WORK REQUEST
Return the lines exactly as they stand, from the first of the material through the line containing "[]\<close> by auto".
START ENTRIES PROVIDED
lemma mem_interval_iff:
  assumes "connected_graph V E" "u \<in> V" "w \<in> V"
  shows "x \<in> interval V E u w \<longleftrightarrow> x \<in> V \<and> gdist V E u x + gdist V E x w = gdist V E u w"
proof
  assume "x \<in> interval V E u w"
  then obtain xs where xs: "walk V E xs" "hd xs = u" "last xs = w"
      "length xs = Suc (gdist V E u w)" "x \<in> set xs"
    unfolding interval_def by blast
  obtain k where k: "k < length xs" "xs ! k = x" using xs(5) by (auto simp: in_set_conv_nth)
  have x: "x \<in> V" using walk_set_subset[OF xs(1,5)] .
  have "hd (take (Suc k) xs) = u" using xs by (auto simp: hd_take)
  moreover have "last (take (Suc k) xs) = x" using k by (simp add: take_Suc_conv_app_nth)
  ultimately have "gdist V E u x \<le> length (take (Suc k) xs) - 1"
    using xs by (intro gdist_le_walk walk_take) auto
  moreover have "gdist V E x w \<le> length (drop k xs) - 1"
    using xs k by (intro gdist_le_walk walk_drop) (auto simp: hd_drop_conv_nth)
  moreover have "length (take (Suc k) xs) - 1 + (length (drop k xs) - 1) = gdist V E u w"
    using k xs(4) by simp
  ultimately show "x \<in> V \<and> gdist V E u x + gdist V E x w = gdist V E u w"
    using gdist_triangle[OF assms(1,2) x assms(3)] x by linarith
next
  assume x: "x \<in> V \<and> gdist V E u x + gdist V E x w = gdist V E u w"
  obtain p where p: "walk V E p" "hd p = u" "last p = x" "length p = Suc (gdist V E u x)"
    using gdist_shortest_walk[OF assms(1,2)] x by blast
  obtain q where q: "walk V E q" "hd q = x" "last q = w" "length q = Suc (gdist V E x w)"
    using gdist_shortest_walk[OF assms(1) _ assms(3)] x by blast
  have "p \<noteq> []" "q \<noteq> []" "last p = hd q" using p q by auto
  note pq = walk_append_tl[OF p(1) q(1) \<open>last p = hd q\<close>] append_tl_props[OF this]
  have "x \<in> set (p @ tl q)" using pq(5) p \<open>p \<noteq> []\<close> by auto
  with pq p q x show "x \<in> interval V E u w"
    unfolding interval_def by (intro CollectI exI[of _ "p @ tl q"]) auto
qed

lemma interval_self:
  assumes "connected_graph V E" "u \<in> V"
  shows "interval V E u u = {u}"
  using assms by (auto simp: mem_interval_iff gdist_eq_0_iff)

lemma interval_antisym:
  assumes "connected_graph V E" "x \<in> V" "y \<in> V" "w \<in> V"
    and "x \<in> interval V E y w" "y \<in> interval V E x w"
  shows "x = y"
  using assms gdist_eq_0_iff[OF assms(1,2,3)] by (simp add: mem_interval_iff)

lemma eq_if_mem_interval_gdist_eq:
  assumes "connected_graph V E" "x \<in> V" "a \<in> V"
    and "y \<in> interval V E x a" "gdist V E x a = gdist V E y a"
  shows "x = y"
  using assms by (auto simp: mem_interval_iff gdist_eq_0_iff)

lemma walk_cart:
  assumes p: "walk V E p" "hd p = g1" "last p = g2"
    and q: "walk W F q" "hd q = h1" "last q = h2"
  obtains zs where "walk (V \<times> W) (cart_adj E F) zs" "hd zs = (g1, h1)" "last zs = (g2, h2)"
    "length zs = length p + length q - 1"
proof -
  have "p \<noteq> []" "q \<noteq> []" using p q by auto
  then have "h1 \<in> W" "g2 \<in> V" using p q by (auto intro: walk_set_subset)
  define p' where "p' = map (\<lambda>x. (x, h1)) p"
  define q' where "q' = map (\<lambda>y. (g2, y)) q"
  have "walk (V \<times> W) (cart_adj E F) p'" "walk (V \<times> W) (cart_adj E F) q'"
    unfolding p'_def q'_def using p q \<open>h1 \<in> W\<close> \<open>g2 \<in> V\<close>
    by (auto intro!: walk_map simp: cart_adj_def)
  moreover have "p' \<noteq> []" "q' \<noteq> []" "last p' = hd q'"
    using \<open>p \<noteq> []\<close> \<open>q \<noteq> []\<close> p q by (auto simp: p'_def q'_def last_map hd_map)
  ultimately show ?thesis
    using that[OF walk_append_tl] append_tl_props[of p' q'] p q \<open>p \<noteq> []\<close> \<open>q \<noteq> []\<close>
    by (simp add: p'_def q'_def last_map hd_map)
qed

lemma connected_graph_cart:
  assumes "connected_graph V E" "connected_graph W F"
  shows "connected_graph (V \<times> W) (cart_adj E F)"
  unfolding connected_graph_def
proof (intro conjI ballI)
  show "V \<times> W \<noteq> {}" using assms unfolding connected_graph_def by auto
  fix u v assume "u \<in> V \<times> W" "v \<in> V \<times> W"
  then obtain g1 h1 g2 h2 where uv: "u = (g1, h1)" "v = (g2, h2)"
    and "g1 \<in> V" "g2 \<in> V" "h1 \<in> W" "h2 \<in> W"
    by auto
  then obtain p q where "walk V E p" "hd p = g1" "last p = g2" "walk W F q" "hd q = h1" "last q = h2"
    using assms unfolding connected_graph_def by meson
  then show "\<exists>xs. walk (V \<times> W) (cart_adj E F) xs \<and> hd xs = u \<and> last xs = v"
    using walk_cart uv by metis
qed

lemma gdist_cart:
  assumes G: "connected_graph V E" and H: "connected_graph W F"
    and "g1 \<in> V" "g2 \<in> V" "h1 \<in> W" "h2 \<in> W"
  shows "gdist (V \<times> W) (cart_adj E F) (g1, h1) (g2, h2) = gdist V E g1 g2 + gdist W F h1 h2"
proof (rule antisym)
  obtain p where p: "walk V E p" "hd p = g1" "last p = g2" "length p = Suc (gdist V E g1 g2)"
    using gdist_shortest_walk[OF G] assms by metis
  obtain q where q: "walk W F q" "hd q = h1" "last q = h2" "length q = Suc (gdist W F h1 h2)"
    using gdist_shortest_walk[OF H] assms by metis
  obtain zs where "walk (V \<times> W) (cart_adj E F) zs" "hd zs = (g1, h1)" "last zs = (g2, h2)"
      "length zs = length p + length q - 1"
    using walk_cart[OF p(1-3) q(1-3)] .
  then show "gdist (V \<times> W) (cart_adj E F) (g1, h1) (g2, h2) \<le> gdist V E g1 g2 + gdist W F h1 h2"
    using gdist_le_walk p(4) q(4) by fastforce
next
  define f where "f z = gdist V E (fst z) g2 + gdist W F (snd z) h2" for z
  have "f x \<le> f y + 1" if "x \<in> V \<times> W" "y \<in> V \<times> W" "cart_adj E F x y" for x y
    using that gdist_triangle[OF G, of "fst x" "fst y" g2] gdist_edge_le_1[of E "fst x" "fst y" V]
      gdist_triangle[OF H, of "snd x" "snd y" h2] gdist_edge_le_1[of F "snd x" "snd y" W] assms
    by (auto simp: f_def cart_adj_def mem_Times_iff)
  then have "f (g1, h1) \<le> f (g2, h2) + gdist (V \<times> W) (cart_adj E F) (g1, h1) (g2, h2)"
    using assms by (intro gdist_lipschitz connected_graph_cart) auto
  then show "gdist V E g1 g2 + gdist W F h1 h2 \<le> gdist (V \<times> W) (cart_adj E F) (g1, h1) (g2, h2)"
    using assms by (simp add: f_def)
qed

lemma interval_cart:
  assumes G: "connected_graph V E" and H: "connected_graph W F"
    and "g \<in> V" "a \<in> V" "h \<in> W" "b \<in> W"
  shows "interval (V \<times> W) (cart_adj E F) (g, h) (a, b) = interval V E g a \<times> interval W F h b"
proof -
  have "(x, y) \<in> interval (V \<times> W) (cart_adj E F) (g, h) (a, b) \<longleftrightarrow>
        (x, y) \<in> interval V E g a \<times> interval W F h b" for x y
  proof (cases "x \<in> V \<and> y \<in> W")
    case True
    then show ?thesis
      using assms gdist_triangle[OF G, of g x a] gdist_triangle[OF H, of h y b]
      by (simp add: mem_interval_iff connected_graph_cart gdist_cart) linarith
  qed (use assms in \<open>auto simp: mem_interval_iff connected_graph_cart\<close>)
  then show ?thesis by auto
qed

lemma strongly_resolves_cart_iff:
  assumes "connected_graph V E" "connected_graph W F"
    and "g1 \<in> V" "g2 \<in> V" "a \<in> V" "h1 \<in> W" "h2 \<in> W" "b \<in> W"
  shows "strongly_resolves (V \<times> W) (cart_adj E F) (a, b) (g1, h1) (g2, h2) \<longleftrightarrow>
         (g2 \<in> interval V E g1 a \<and> h2 \<in> interval W F h1 b) \<or>
         (g1 \<in> interval V E g2 a \<and> h1 \<in> interval W F h2 b)"
  using assms by (simp add: strongly_resolves_def interval_cart)

lemma strong_resolving_set_cart_swap:
  assumes G: "connected_graph V E" and H: "connected_graph W F"
    and S: "strong_resolving_set (V \<times> W) (cart_adj E F) S"
  shows "strong_resolving_set (W \<times> V) (cart_adj F E) (prod.swap ` S)"
  unfolding strong_resolving_set_def
proof (intro conjI ballI)
  show "prod.swap ` S \<subseteq> W \<times> V" using S by (auto simp: strong_resolving_set_def)
  fix u v assume "u \<in> W \<times> V" "v \<in> W \<times> V"
  then obtain h1 g1 h2 g2 where uv: "u = (h1, g1)" "v = (h2, g2)"
    and mem: "g1 \<in> V" "g2 \<in> V" "h1 \<in> W" "h2 \<in> W"
    by auto
  then obtain a b where "(a, b) \<in> S" "strongly_resolves (V \<times> W) (cart_adj E F) (a, b) (g1, h1) (g2, h2)"
    using S unfolding strong_resolving_set_def by (metis SigmaI surj_pair)
  moreover have "a \<in> V" "b \<in> W" using \<open>(a, b) \<in> S\<close> S by (auto simp: strong_resolving_set_def)
  ultimately have "strongly_resolves (W \<times> V) (cart_adj F E) (b, a) u v"
    using mem uv by (auto simp: strongly_resolves_cart_iff[OF G H] strongly_resolves_cart_iff[OF H G])
  moreover have "(b, a) \<in> prod.swap ` S" using \<open>(a, b) \<in> S\<close> by force
  ultimately show "\<exists>w\<in>prod.swap ` S. strongly_resolves (W \<times> V) (cart_adj F E) w u v" by blast
qed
END ENTRIES PROVIDED
PROBLEM SOLUTION
lemma mem_interval_iff:
  assumes "connected_graph V E" "u \<in> V" "w \<in> V"
  shows "x \<in> interval V E u w \<longleftrightarrow> x \<in> V \<and> gdist V E u x + gdist V E x w = gdist V E u w"
proof
  assume "x \<in> interval V E u w"
  then obtain xs where xs: "walk V E xs" "hd xs = u" "last xs = w"
      "length xs = Suc (gdist V E u w)" "x \<in> set xs"
    unfolding interval_def by blast
  obtain k where k: "k < length xs" "xs ! k = x" using xs(5) by (auto simp: in_set_conv_nth)
  have x: "x \<in> V" using walk_set_subset[OF xs(1,5)] .
  have "hd (take (Suc k) xs) = u" using xs by (auto simp: hd_take)
  moreover have "last (take (Suc k) xs) = x" using k by (simp add: take_Suc_conv_app_nth)
  ultimately have "gdist V E u x \<le> length (take (Suc k) xs) - 1"
    using xs by (intro gdist_le_walk walk_take) auto
  moreover have "gdist V E x w \<le> length (drop k xs) - 1"
    using xs k by (intro gdist_le_walk walk_drop) (auto simp: hd_drop_conv_nth)
  moreover have "length (take (Suc k) xs) - 1 + (length (drop k xs) - 1) = gdist V E u w"
    using k xs(4) by simp
  ultimately show "x \<in> V \<and> gdist V E u x + gdist V E x w = gdist V E u w"
    using gdist_triangle[OF assms(1,2) x assms(3)] x by linarith
next
  assume x: "x \<in> V \<and> gdist V E u x + gdist V E x w = gdist V E u w"
  obtain p where p: "walk V E p" "hd p = u" "last p = x" "length p = Suc (gdist V E u x)"
    using gdist_shortest_walk[OF assms(1,2)] x by blast
  obtain q where q: "walk V E q" "hd q = x" "last q = w" "length q = Suc (gdist V E x w)"
    using gdist_shortest_walk[OF assms(1) _ assms(3)] x by blast
  have "p \<noteq> []" "q \<noteq> []" "last p = hd q" using p q by auto
  note pq = walk_append_tl[OF p(1) q(1) \<open>last p = hd q\<close>] append_tl_props[OF this]
  have "x \<in> set (p @ tl q)" using pq(5) p \<open>p \<noteq> []\<close> by auto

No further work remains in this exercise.